Page MenuHomePhabricator

Extract cropped too much at certain pages with exintro=1
Closed, DuplicatePublic

Description

Hello,
I'd like to report a bug I came accross while using the amazing TextExtracts extension: at certain pages, the extract is cropped too much, actually right after the very first full stop, when using exintro=1. An example of such page is here:

https://cs.wikipedia.org/wiki/Speci%C3%A1ln%C3%AD:API_p%C3%ADskovi%C5%A1t%C4%9B#action=query&format=json&prop=extracts&titles=Tom%C3%A1%C5%A1+Koubek&redirects=1&utf8=1&exsentences=3&exintro=1&explaintext=1

When you turn exintro off, everything is fine, but that's not the way that would help me because it doesn't get rid of the disambiguation note for example.

I also came accross a page where the extract is cropped regardless of the exintro setting, see

https://cs.wikipedia.org/wiki/Speci%C3%A1ln%C3%AD:API_p%C3%ADskovi%C5%A1t%C4%9B#action=query&format=json&prop=extracts&titles=Nikolaj+Bodurov&redirects=1&utf8=1&exsentences=3&exintro=1&explaintext=1

Can anyone let me know if this can be fixed? I didn't find anything strange in the source of the pages affected by this problem.

Event Timeline

Jdlrobson subscribed.

Thanks for the bug report.
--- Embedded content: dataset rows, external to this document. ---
lemma profile_in_PiE:
  assumes "TO R" shows "profile R \<in> (\<Pi>\<^sub>E j\<in>{1..l}. {0..card (odd_level j)})"
  unfolding profile_def down_count_def using finite_odd_level
  by (auto intro!: card_mono)

lemma profile_surj:
  assumes b: "b \<in> (\<Pi>\<^sub>E j\<in>{1..l}. {0..card (odd_level j)})"
  shows "\<exists>R. TO R \<and> profile R = b"
proof -
  have "\<exists>S. S \<subseteq> odd_level j \<and> card S = b j" if "j \<in> {1..l}" for j
  proof -
    have "b j \<le> card (odd_level j)" using b that by auto
    then show ?thesis by (meson obtain_subset_with_card_n)
  qed
  then obtain S where S: "\<And>j. j \<in> {1..l} \<Longrightarrow> S j \<subseteq> odd_level j \<and> card (S j) = b j"
    by metis
  define B where "B = (\<Union>j\<in>{1..l}. S j)"
  have "B \<inter> odd_level j = S j" if "j \<in> {1..l}" for j
  proof
    show "S j \<subseteq> B \<inter> odd_level j" using S that unfolding B_def by auto
    show "B \<inter> odd_level j \<subseteq> S j"
    proof
      fix c assume "c \<in> B \<inter> odd_level j"
      then obtain i where "i \<in> {1..l}" "c \<in> S i" "c \<in> odd_level j" unfolding B_def by blast
      moreover from this have "c \<in> odd_level i" using S by blast
      ultimately have "i = j" unfolding odd_level_def by simp
      then show "c \<in> S j" using \<open>c \<in> S i\<close> by simp
    qed
  qed
  then have "profile (canonical_orientation B) j = b j" for j
    using down_count_canonical_orientation[of j B] S[of j] PiE_arb[OF b, of j]
    unfolding profile_def by (cases "j \<in> {1..l}") auto
  then have "profile (canonical_orientation B) = b" ..
  then show ?thesis using TO_canonical_orientation by blast
qed

theorem num_noniso_TO_eq: "num_noniso_TO V E = (\<Prod>j=1..l. card (odd_level j) + 1)"
proof -
  define T where "T = trans_orients V E"
  have T: "R \<in> T \<longleftrightarrow> TO R" for R unfolding T_def trans_orients_def by simp
  have "digraph_iso V R1 R2 \<longleftrightarrow> profile R1 = profile R2" if "R1 \<in> T" "R2 \<in> T" for R1 R2
    using that T profile_eq_if_iso digraph_iso_if_count_key_le_eq count_key_le_eq_if_profile_eq
    by metis
  then have "num_noniso_TO V E = card (profile ` T)"
    unfolding num_noniso_TO_def T_def[symmetric] by (intro card_quotient_eq_card_image) auto
  also have "profile ` T = (\<Pi>\<^sub>E j\<in>{1..l}. {0..card (odd_level j)})"
    using T profile_in_PiE profile_surj by blast
  finally show ?thesis by (simp add: card_PiE)
qed

end

section \<open>Levels of the block sequence\<close>

fun block_levels :: "nat \<Rightarrow> (nat \<Rightarrow> nat) \<Rightarrow> (nat \<Rightarrow> nat) \<Rightarrow> nat list" where
  "block_levels 0 p z = replicate (p 0) 1"
| "block_levels (Suc i) p z =
     replicate (p (Suc i)) (2 * i + 3) @ replicate (z (Suc i)) (2 * i + 2) @ block_levels i p z"

definition blocks_level :: "nat \<Rightarrow> (nat \<Rightarrow> nat) \<Rightarrow> (nat \<Rightarrow> nat) \<Rightarrow> nat \<Rightarrow> nat" where
  "blocks_level l p z k = (if k < length (block_levels l p z) then block_levels l p z ! k else 0)"

lemma length_block_levels: "length (block_levels i p z) = length (blocks i p z)"
  by (induction i) auto

lemma set_block_levels: "x \<in> set (block_levels i p z) \<Longrightarrow> 1 \<le> x \<and> x \<le> 2 * i + 1"
  by (induction i) auto

lemma nth_blocks_eq_odd:
  "k < length (blocks i p z) \<Longrightarrow> blocks i p z ! k = odd (block_levels i p z ! k)"
proof (induction i arbitrary: k)
  case (Suc i)
  then show ?case using length_block_levels[of i p z] by (auto simp: nth_append)
qed simp

lemma sorted_wrt_ge_replicate: "sorted_wrt (\<ge>) (replicate n (x :: 'a :: order))"
  by (induction n) auto

lemma sorted_wrt_block_levels: "sorted_wrt (\<ge>) (block_levels i p z)"
proof (induction i)
  case 0
  show ?case by (simp add: sorted_wrt_ge_replicate)
next
  case (Suc i)
  moreover have "\<forall>x \<in> set (block_levels i p z). x \<le> 2 * i + 1" using set_block_levels by blast
  ultimately show ?case by (auto simp: sorted_wrt_append sorted_wrt_ge_replicate)
qed

lemma count_block_levels: "j \<le> i \<Longrightarrow> count_list (block_levels i p z) (2 * j + 1) = p j"
proof (induction i)
  case 0
  then show ?case by (simp add: count_list_eq_length_filter filter_replicate)
next
  case (Suc i)
  show ?case
  proof (cases "j = Suc i")
    case True
    then have "2 * j + 1 \<notin> set (block_levels i p z)" using set_block_levels by fastforce
    then show ?thesis using True
      by (auto simp: count_list_eq_length_filter filter_replicate filter_empty_conv)
  next
    case False
    then show ?thesis using Suc by (simp add: count_list_eq_length_filter filter_replicate)
  qed
qed

lemma even_in_block_levels:
  "\<forall>i\<in>{1..l}. z i > 0 \<Longrightarrow> j \<in> {1..l} \<Longrightarrow> 2 * j \<in> set (block_levels l p z)"
proof (induction l)
  case (Suc l)
  then show ?case by (cases "j = Suc l") auto
qed simp

lemma threshold_levels_blocks:
  assumes "\<forall>i\<in>{1..l}. z i > 0"
  shows "threshold_levels (thr_vertices (blocks l p z)) (blocks_level l p z) (length (blocks l p z)) l
    (thr_adj (blocks l p z))"
proof -
  define s where "s = blocks l p z"
  define xs where "xs = block_levels l p z"
  have len: "length xs = length s" unfolding xs_def s_def by (rule length_block_levels)
  have lev: "blocks_level l p z k = (if k < length s then xs ! k else 0)" for k
    unfolding blocks_level_def xs_def[symmetric] len ..
  have V: "thr_vertices s = {..length s}" unfolding thr_vertices_def by auto
  have range: "1 \<le> xs ! k \<and> xs ! k \<le> 2 * l + 1" if "k < length s" for k
    using set_block_levels[of "xs ! k" l p z] len that unfolding xs_def by (metis nth_mem)
  have max_lev: "max (blocks_level l p z a) (blocks_level l p z b) = xs ! a"
    if "a < b" "b \<le> length s" for a b
    using sorted_wrt_nth_less[OF sorted_wrt_block_levels[of l p z], of a b] that len
    unfolding lev xs_def[symmetric] by (auto simp: max_def)
  have adj: "s ! min a b \<longleftrightarrow> odd (max (blocks_level l p z a) (blocks_level l p z b))"
    if "a \<noteq> b" "a \<le> length s" "b \<le> length s" for a b
    using max_lev[of a b] max_lev[of b a] nth_blocks_eq_odd[of _ l p z] that
    unfolding s_def[symmetric] xs_def[symmetric] by (cases "a < b") (auto simp: max.commute)
  show ?thesis unfolding s_def[symmetric]
  proof
    show "finite (thr_vertices s)" "length s \<in> thr_vertices s" "blocks_level l p z (length s) = 0"
      unfolding V lev by auto
    show "v = length s" if "v \<in> thr_vertices s" "blocks_level l p z v = 0" for v
      using that range[of v] unfolding V lev by (auto split: if_splits)
    show "blocks_level l p z v \<le> 2 * l + 1" if "v \<in> thr_vertices s" for v
      using range[of v] unfolding lev by auto
    show "\<exists>w\<in>thr_vertices s. blocks_level l p z w = 2 * j" if "1 \<le> j" "j \<le> l" for j
    proof -
      have "2 * j \<in> set xs" using even_in_block_levels[OF assms] that unfolding xs_def by simp
      then show ?thesis unfolding V lev in_set_conv_nth len by force
    qed
    show "thr_adj s a b \<longleftrightarrow> a \<noteq> b \<and> a \<in> thr_vertices s \<and> b \<in> thr_vertices s
        \<and> odd (max (blocks_level l p z a) (blocks_level l p z b))" for a b
      unfolding thr_adj_def using adj V by auto
  qed
qed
Yes, this is a known problem and is documented here: https://www.mediawiki.org/wiki/Extension:TextExtracts#Caveats and we do not plan to fix it.

We're working on a new endpoint to provide better extracts for these kinds of use cases - see T168848 . I suggest not using exsentences in the mean time.

Oh, amazing, I didn't know exsentences causes such problem. Turning it off works perfectly, sorry I didn't find it myself before… Thanks! :-)